Prompt: Filter out all lines without the word "blast" from the data below, please, and copy the rest.
** Opening Recorded data block **
lemma poly_eq_sum_monic_basis:
  fixes f :: "nat \<Rightarrow> 'a::comm_ring_1 poly"
  assumes f: "\<And>j. j < n \<Longrightarrow> degree (f j) = j \<and> lead_coeff (f j) = 1"
    and q: "\<And>i. n \<le> i \<Longrightarrow> coeff q i = 0"
  shows "\<exists>c. q = (\<Sum>j<n. smult (c j) (f j))"
  using assms
proof (induction n arbitrary: q)
  case 0
  then show ?case by (simp add: poly_eq_iff)
next
  case (Suc n)
  define r where "r = q - smult (coeff q n) (f n)"
  have fn: "degree (f n) = n" "coeff (f n) n = 1"
    using Suc.prems(1)[of n] by auto
  have coeff_r: "coeff r i = 0" if "n \<le> i" for i
  proof (cases "i = n")
    case True
    then show ?thesis using fn by (simp add: r_def)
  next
    case False
    then show ?thesis using that fn Suc.prems(2)[of i] by (simp add: r_def coeff_eq_0)
  qed
  have "\<exists>c. r = (\<Sum>j<n. smult (c j) (f j))"
    by (rule Suc.IH[OF _ coeff_r]) (metis Suc.prems(1) less_SucI)
  then obtain c where "r = (\<Sum>j<n. smult (c j) (f j))" ..
  moreover have "(\<Sum>j<n. smult ((c(n := coeff q n)) j) (f j)) = (\<Sum>j<n. smult (c j) (f j))"
    by (intro sum.cong) auto
  ultimately have "q = (\<Sum>j<Suc n. smult ((c(n := coeff q n)) j) (f j))"
    by (simp add: r_def diff_eq_eq)
  then show ?case
    by blast
qed

lemma poly_inner_eq_0_if_orthogonal_basis:
  assumes M: "circle_measure M"
    and f: "\<And>j. j < n \<Longrightarrow> degree (f j) = j \<and> lead_coeff (f j) = 1"
    and orth: "\<And>j. j < n \<Longrightarrow> poly_inner M p (f j) = 0"
    and "degree q < n"
  shows "poly_inner M p q = 0"
proof -
  have "coeff q i = 0" if "n \<le> i" for i
    using \<open>degree q < n\<close> that by (simp add: coeff_eq_0)
  then obtain c where q: "q = (\<Sum>j<n. smult (c j) (f j))"
    using poly_eq_sum_monic_basis[OF f] by blast
  have "poly_inner M q p = (\<Sum>j<n. c j * cnj (poly_inner M p (f j)))"
    unfolding q by (simp add: poly_inner_sum_left[OF M] poly_inner_smult_left cnj_poly_inner)
  also have "\<dots> = 0"
    using orth by simp
  finally show ?thesis
    by (metis cnj_poly_inner complex_cnj_zero)
qed

text \<open>The Gram--Schmidt step: subtract from \<open>z\<^sup>n\<close> its projections onto \<open>f 0, \<dots>, f (n - 1)\<close>.\<close>
lemma monic_orthogonal_poly_extend:
  assumes M: "circle_measure M" and inf: "infinite (measure_support M)"
    and f: "\<And>j. j < n \<Longrightarrow> degree (f j) = j \<and> lead_coeff (f j) = 1 \<and>
      (\<forall>q. degree q < j \<longrightarrow> poly_inner M (f j) q = 0)"
  shows "\<exists>p. degree p = n \<and> lead_coeff p = 1 \<and> (\<forall>q. degree q < n \<longrightarrow> poly_inner M p q = 0)"
proof -
  have orth: "poly_inner M (f j) (f i) = 0" if "i < n" "j < n" "i \<noteq> j" for i j
  proof (cases "i < j")
    case True
    then show ?thesis using f[OF that(1)] f[OF that(2)] by auto
  next
    case False
    then have "poly_inner M (f i) (f j) = 0" using f[OF that(1)] f[OF that(2)] that by auto
    then show ?thesis by (metis cnj_poly_inner complex_cnj_zero)
  qed
  define c where "c j = poly_inner M (monom 1 n) (f j) / poly_inner M (f j) (f j)" for j
  define p where "p = monom 1 n - (\<Sum>j<n. smult (c j) (f j))"
  have coeff_p: "coeff p i = (if i = n then 1 else 0)" if "n \<le> i" for i
    using f that by (auto simp: p_def coeff_sum coeff_monom intro!: sum.neutral coeff_eq_0)
  then have "degree p = n"
    by (intro antisym degree_le le_degree) auto
  with coeff_p have p: "degree p = n" "lead_coeff p = 1"
    by simp_all
  have p_orth_f: "poly_inner M p (f i) = 0" if "i < n" for i
  proof -
    have "poly_inner M p (f i) =
        poly_inner M (monom 1 n) (f i) - (\<Sum>j<n. c j * poly_inner M (f j) (f i))"
      unfolding p_def poly_inner_diff_left[OF M] poly_inner_sum_left[OF M] poly_inner_smult_left ..
    also have "(\<Sum>j<n. c j * poly_inner M (f j) (f i)) = (\<Sum>j\<in>{i}. c j * poly_inner M (f j) (f i))"
      using that orth by (intro sum.mono_neutral_right) auto
    also have "\<dots> = poly_inner M (monom 1 n) (f i)"
      using f[OF that] poly_inner_self_eq_0_iff[OF M inf, of "f i"] by (auto simp: c_def)
    finally show ?thesis
      by simp
  qed
  have f_basis: "degree (f j) = j \<and> lead_coeff (f j) = 1" if "j < n" for j
    using f[OF that] by blast
  have "poly_inner M p q = 0" if "degree q < n" for q
    using poly_inner_eq_0_if_orthogonal_basis[OF M f_basis p_orth_f that] .
  with p show ?thesis
    by blast
qed

lemma monic_OP_spec:
  assumes M: "circle_measure M" and inf: "infinite (measure_support M)"
  shows "degree (monic_OP M n) = n \<and> lead_coeff (monic_OP M n) = 1 \<and>
    (\<forall>q. degree q < n \<longrightarrow> poly_inner M (monic_OP M n) q = 0)"
proof (induction n rule: less_induct)
  case (less n)
  obtain p where p: "degree p = n" "lead_coeff p = 1" "\<forall>q. degree q < n \<longrightarrow> poly_inner M p q = 0"
    using monic_orthogonal_poly_extend[OF M inf less.IH] by blast
  then have "monic_OP M n = p"
    by (intro monic_OP_eqI poly_inner_diff_left[OF M]) (simp_all add: poly_inner_self_eq_0_iff[OF M inf])
  with p show ?case
    by simp
qed

lemma poly_inner_density_poly_weight:
  assumes M: "circle_measure M"
  shows "poly_inner (density M (\<lambda>z. ennreal ((cmod (poly P z))\<^sup>2))) p q =
    poly_inner M (P * p) (P * q)"
proof -
  have "(cmod (poly P z))\<^sup>2 *\<^sub>R (poly p z * cnj (poly q z)) =
      poly (P * p) z * cnj (poly (P * q) z)" for z
    unfolding scaleR_conv_of_real complex_norm_square by (simp add: mult_ac)
  then show ?thesis
    unfolding poly_inner_def
    by (subst integral_density)
      (auto intro!: borel_measurable_circle_measure_continuous[OF M] continuous_intros)
qed

lemma monic_OP_divisor_factorization:
  assumes M: "circle_measure \<mu>" and inf: "infinite (measure_support \<mu>)"
    and P: "degree P = k" "lead_coeff P = 1" and "P dvd monic_OP \<mu> n"
  shows "monic_OP \<mu> n = P * monic_OP (density \<mu> (\<lambda>z. ennreal ((cmod (poly P z))\<^sup>2))) (n - k)"
proof -
  define \<nu> where "\<nu> = density \<mu> (\<lambda>z. ennreal ((cmod (poly P z))\<^sup>2))"
  have \<nu>: "poly_inner \<nu> p q = poly_inner \<mu> (P * p) (P * q)" for p q
    unfolding \<nu>_def by (rule poly_inner_density_poly_weight[OF M])
  obtain Q where Q: "monic_OP \<mu> n = P * Q"
    using \<open>P dvd monic_OP \<mu> n\<close> by blast
  have \<Phi>: "degree (monic_OP \<mu> n) = n" "lead_coeff (monic_OP \<mu> n) = 1"
    "\<And>q. degree q < n \<Longrightarrow> poly_inner \<mu> (monic_OP \<mu> n) q = 0"
    using monic_OP_spec[OF M inf, of n] by blast+
  have "P \<noteq> 0" "Q \<noteq> 0"
    using P \<Phi> Q by auto
  then have deg_Q: "k + degree Q = n"
    using \<Phi> P Q by (simp add: degree_mult_eq)
  then have "degree Q = n - k"
    by simp
  moreover have "lead_coeff Q = 1"
    using \<Phi>(2) P(2) by (metis Q lead_coeff_mult mult_1)
  moreover have "poly_inner \<nu> Q q = 0" if "degree q < n - k" for q
    using \<Phi>(3) degree_mult_le[of P q] P that deg_Q by (simp add: \<nu> Q[symmetric])
  ultimately have "monic_OP \<nu> (n - k) = Q"
    using \<open>P \<noteq> 0\<close> by (intro monic_OP_eqI)
      (simp_all add: \<nu> right_diff_distrib poly_inner_diff_left[OF M] poly_inner_self_eq_0_iff[OF M inf])
  then show ?thesis
    using Q by (simp add: \<nu>_def)
qed

theorem theorem3:
  fixes \<mu> :: "complex measure" and n k :: nat and zs :: "nat \<Rightarrow> complex"
  assumes "circle_measure \<mu>"
    and "infinite (measure_support \<mu>)"
    and "1 \<le> n" and "1 \<le> k" and "k \<le> n"
    and "(\<Prod>j<k. [:- zs j, 1:]) dvd monic_OP \<mu> n"
  shows "monic_OP \<mu> n =
    (\<Prod>j<k. [:- zs j, 1:]) *
      monic_OP (density \<mu> (\<lambda>z. ennreal (\<Prod>j<k. (cmod (z - zs j))\<^sup>2))) (n - k)"
proof -
  let ?P = "\<Prod>j<k. [:- zs j, 1:]"
  have "(\<Prod>j<k. (cmod (z - zs j))\<^sup>2) = (cmod (poly ?P z))\<^sup>2" for z
    by (simp add: poly_prod prod_norm prod_power_distrib[symmetric])
  moreover have "degree ?P = k"
    by (simp add: degree_prod_sum_eq)
  moreover have "lead_coeff ?P = 1"
    unfolding lead_coeff_prod by simp
  ultimately show ?thesis
    using monic_OP_divisor_factorization[OF assms(1,2) _ _ assms(6)] by simp
qed

end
** Closing Recorded data block **
Answer to this task:
    by blast
    using poly_eq_sum_monic_basis[OF f] by blast
    using f[OF that] by blast
    by blast
    using monic_orthogonal_poly_extend[OF M inf less.IH] by blast
    using \<open>P dvd monic_OP \<mu> n\<close> by blast
    using monic_OP_spec[OF M inf, of n] by blast+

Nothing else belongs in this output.